Stored data entries:
______

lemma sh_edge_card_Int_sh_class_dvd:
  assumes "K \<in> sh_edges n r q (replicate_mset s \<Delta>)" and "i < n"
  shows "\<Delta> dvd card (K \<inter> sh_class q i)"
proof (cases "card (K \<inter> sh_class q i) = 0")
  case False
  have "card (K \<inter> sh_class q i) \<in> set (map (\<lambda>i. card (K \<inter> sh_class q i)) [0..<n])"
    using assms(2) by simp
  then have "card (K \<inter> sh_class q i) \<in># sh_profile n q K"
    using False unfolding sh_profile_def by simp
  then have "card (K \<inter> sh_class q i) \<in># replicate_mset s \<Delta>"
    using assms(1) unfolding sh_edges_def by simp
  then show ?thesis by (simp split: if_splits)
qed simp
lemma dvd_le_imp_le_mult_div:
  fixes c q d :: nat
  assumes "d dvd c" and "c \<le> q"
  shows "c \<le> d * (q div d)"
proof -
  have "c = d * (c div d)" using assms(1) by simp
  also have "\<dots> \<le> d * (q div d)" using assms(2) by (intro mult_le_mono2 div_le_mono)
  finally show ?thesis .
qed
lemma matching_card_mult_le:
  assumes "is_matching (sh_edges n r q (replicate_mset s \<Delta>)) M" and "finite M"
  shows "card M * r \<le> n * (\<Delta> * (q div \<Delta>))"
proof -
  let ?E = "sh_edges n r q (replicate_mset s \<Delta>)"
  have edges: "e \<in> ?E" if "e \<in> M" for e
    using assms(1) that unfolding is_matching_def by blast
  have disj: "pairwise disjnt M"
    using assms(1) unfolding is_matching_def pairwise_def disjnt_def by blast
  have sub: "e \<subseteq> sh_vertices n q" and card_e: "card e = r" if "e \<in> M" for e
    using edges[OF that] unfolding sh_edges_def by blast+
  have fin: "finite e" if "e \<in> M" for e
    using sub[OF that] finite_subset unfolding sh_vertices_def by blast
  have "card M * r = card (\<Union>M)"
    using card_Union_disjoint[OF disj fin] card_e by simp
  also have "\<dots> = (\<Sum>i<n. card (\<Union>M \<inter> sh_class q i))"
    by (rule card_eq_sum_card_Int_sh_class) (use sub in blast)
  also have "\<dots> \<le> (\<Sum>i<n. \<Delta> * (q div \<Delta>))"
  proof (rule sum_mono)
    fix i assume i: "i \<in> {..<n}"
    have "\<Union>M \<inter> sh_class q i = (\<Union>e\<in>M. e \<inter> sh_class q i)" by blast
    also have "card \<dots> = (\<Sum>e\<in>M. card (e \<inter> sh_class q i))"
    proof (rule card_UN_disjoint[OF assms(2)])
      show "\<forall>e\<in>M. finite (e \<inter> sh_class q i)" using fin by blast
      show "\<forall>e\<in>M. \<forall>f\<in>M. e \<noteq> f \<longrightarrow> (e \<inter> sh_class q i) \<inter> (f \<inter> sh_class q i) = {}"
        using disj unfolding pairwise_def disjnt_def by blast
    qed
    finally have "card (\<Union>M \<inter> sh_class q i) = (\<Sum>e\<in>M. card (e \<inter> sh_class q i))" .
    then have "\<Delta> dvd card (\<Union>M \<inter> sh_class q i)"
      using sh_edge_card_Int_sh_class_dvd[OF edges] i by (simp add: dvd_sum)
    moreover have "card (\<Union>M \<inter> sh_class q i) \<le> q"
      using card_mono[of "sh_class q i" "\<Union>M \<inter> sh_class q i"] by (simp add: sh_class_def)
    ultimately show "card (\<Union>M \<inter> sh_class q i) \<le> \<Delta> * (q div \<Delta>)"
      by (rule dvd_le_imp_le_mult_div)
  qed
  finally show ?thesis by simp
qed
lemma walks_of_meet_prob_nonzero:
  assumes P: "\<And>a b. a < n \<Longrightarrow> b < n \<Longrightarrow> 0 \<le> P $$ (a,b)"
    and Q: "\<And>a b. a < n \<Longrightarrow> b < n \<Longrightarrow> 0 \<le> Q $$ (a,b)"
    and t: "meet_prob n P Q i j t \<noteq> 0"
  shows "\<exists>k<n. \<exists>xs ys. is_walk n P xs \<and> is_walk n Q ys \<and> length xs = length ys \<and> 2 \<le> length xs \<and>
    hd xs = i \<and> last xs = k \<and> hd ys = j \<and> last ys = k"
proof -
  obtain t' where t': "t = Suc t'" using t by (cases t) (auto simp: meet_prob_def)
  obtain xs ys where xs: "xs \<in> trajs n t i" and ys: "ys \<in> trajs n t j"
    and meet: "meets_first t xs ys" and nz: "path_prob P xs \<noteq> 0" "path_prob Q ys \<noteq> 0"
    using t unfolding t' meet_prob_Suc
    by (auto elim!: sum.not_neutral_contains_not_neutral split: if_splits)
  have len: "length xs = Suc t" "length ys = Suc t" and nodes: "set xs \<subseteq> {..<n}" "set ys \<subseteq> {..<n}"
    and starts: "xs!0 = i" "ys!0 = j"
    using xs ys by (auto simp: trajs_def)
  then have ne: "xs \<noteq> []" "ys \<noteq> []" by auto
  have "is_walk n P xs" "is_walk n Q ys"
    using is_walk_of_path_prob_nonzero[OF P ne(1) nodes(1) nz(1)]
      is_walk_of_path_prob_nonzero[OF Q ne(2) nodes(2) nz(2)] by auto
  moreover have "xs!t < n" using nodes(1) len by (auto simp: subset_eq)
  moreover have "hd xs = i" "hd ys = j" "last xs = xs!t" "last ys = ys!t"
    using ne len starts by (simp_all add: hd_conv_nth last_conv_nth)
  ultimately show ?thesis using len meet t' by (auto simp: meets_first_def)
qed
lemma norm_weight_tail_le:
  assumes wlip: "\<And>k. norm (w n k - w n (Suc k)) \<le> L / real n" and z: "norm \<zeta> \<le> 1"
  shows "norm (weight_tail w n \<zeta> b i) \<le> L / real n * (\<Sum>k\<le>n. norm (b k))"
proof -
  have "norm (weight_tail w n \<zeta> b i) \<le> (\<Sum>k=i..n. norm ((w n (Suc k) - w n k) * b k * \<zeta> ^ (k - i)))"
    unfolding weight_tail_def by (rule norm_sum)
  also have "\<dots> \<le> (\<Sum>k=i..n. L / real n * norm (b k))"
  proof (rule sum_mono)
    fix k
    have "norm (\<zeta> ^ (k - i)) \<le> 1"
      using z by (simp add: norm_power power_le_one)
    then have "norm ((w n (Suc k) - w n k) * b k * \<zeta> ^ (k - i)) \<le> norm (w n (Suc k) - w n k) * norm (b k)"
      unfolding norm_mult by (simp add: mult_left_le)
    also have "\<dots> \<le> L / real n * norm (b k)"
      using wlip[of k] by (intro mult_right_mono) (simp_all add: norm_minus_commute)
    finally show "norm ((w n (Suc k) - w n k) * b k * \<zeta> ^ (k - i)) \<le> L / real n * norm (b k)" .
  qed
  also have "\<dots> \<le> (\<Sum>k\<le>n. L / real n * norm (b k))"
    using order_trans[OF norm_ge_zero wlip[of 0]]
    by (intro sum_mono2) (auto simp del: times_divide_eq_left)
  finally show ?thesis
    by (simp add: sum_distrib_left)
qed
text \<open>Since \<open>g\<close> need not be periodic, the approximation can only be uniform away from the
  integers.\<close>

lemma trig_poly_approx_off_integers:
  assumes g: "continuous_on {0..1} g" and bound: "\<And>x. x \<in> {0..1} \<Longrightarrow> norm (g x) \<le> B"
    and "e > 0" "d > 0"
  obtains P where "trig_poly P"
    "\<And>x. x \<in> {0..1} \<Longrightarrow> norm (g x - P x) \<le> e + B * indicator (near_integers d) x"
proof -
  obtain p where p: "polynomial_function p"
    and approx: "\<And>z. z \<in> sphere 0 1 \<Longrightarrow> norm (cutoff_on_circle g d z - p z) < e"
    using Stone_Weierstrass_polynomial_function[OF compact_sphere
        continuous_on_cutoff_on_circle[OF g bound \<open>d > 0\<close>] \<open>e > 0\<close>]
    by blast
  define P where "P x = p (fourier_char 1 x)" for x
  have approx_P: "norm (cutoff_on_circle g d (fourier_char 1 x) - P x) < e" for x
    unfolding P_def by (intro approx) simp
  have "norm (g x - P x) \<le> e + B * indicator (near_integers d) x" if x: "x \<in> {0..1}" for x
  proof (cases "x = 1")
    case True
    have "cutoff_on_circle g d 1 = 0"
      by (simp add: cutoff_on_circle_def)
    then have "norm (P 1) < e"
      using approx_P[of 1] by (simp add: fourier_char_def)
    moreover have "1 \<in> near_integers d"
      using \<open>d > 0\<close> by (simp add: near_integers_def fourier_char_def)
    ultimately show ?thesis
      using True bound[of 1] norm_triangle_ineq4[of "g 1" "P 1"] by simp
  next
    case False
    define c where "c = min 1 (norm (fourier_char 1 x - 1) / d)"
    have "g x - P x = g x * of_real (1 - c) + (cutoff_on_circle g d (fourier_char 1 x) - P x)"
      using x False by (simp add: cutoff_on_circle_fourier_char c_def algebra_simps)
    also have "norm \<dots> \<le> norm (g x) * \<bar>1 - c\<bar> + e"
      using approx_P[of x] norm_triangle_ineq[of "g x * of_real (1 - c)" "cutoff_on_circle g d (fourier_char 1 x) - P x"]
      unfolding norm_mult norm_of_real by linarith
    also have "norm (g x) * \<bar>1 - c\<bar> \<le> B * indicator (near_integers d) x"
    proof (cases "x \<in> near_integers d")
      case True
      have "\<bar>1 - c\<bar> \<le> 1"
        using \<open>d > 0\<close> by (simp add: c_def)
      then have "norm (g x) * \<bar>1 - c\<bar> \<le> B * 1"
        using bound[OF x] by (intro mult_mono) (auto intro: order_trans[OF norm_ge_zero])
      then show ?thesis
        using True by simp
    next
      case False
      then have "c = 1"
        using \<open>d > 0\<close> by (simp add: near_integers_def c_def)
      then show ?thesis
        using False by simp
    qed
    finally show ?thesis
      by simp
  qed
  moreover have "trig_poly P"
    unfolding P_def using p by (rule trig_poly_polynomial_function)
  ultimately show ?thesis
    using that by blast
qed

______

__PROBLEM STATEMENT__. Take every line from the records above that has the word "split" and copy it.

__RESPONSE__.
  then show ?thesis by (simp split: if_splits)
    by (auto elim!: sum.not_neutral_contains_not_neutral split: if_splits)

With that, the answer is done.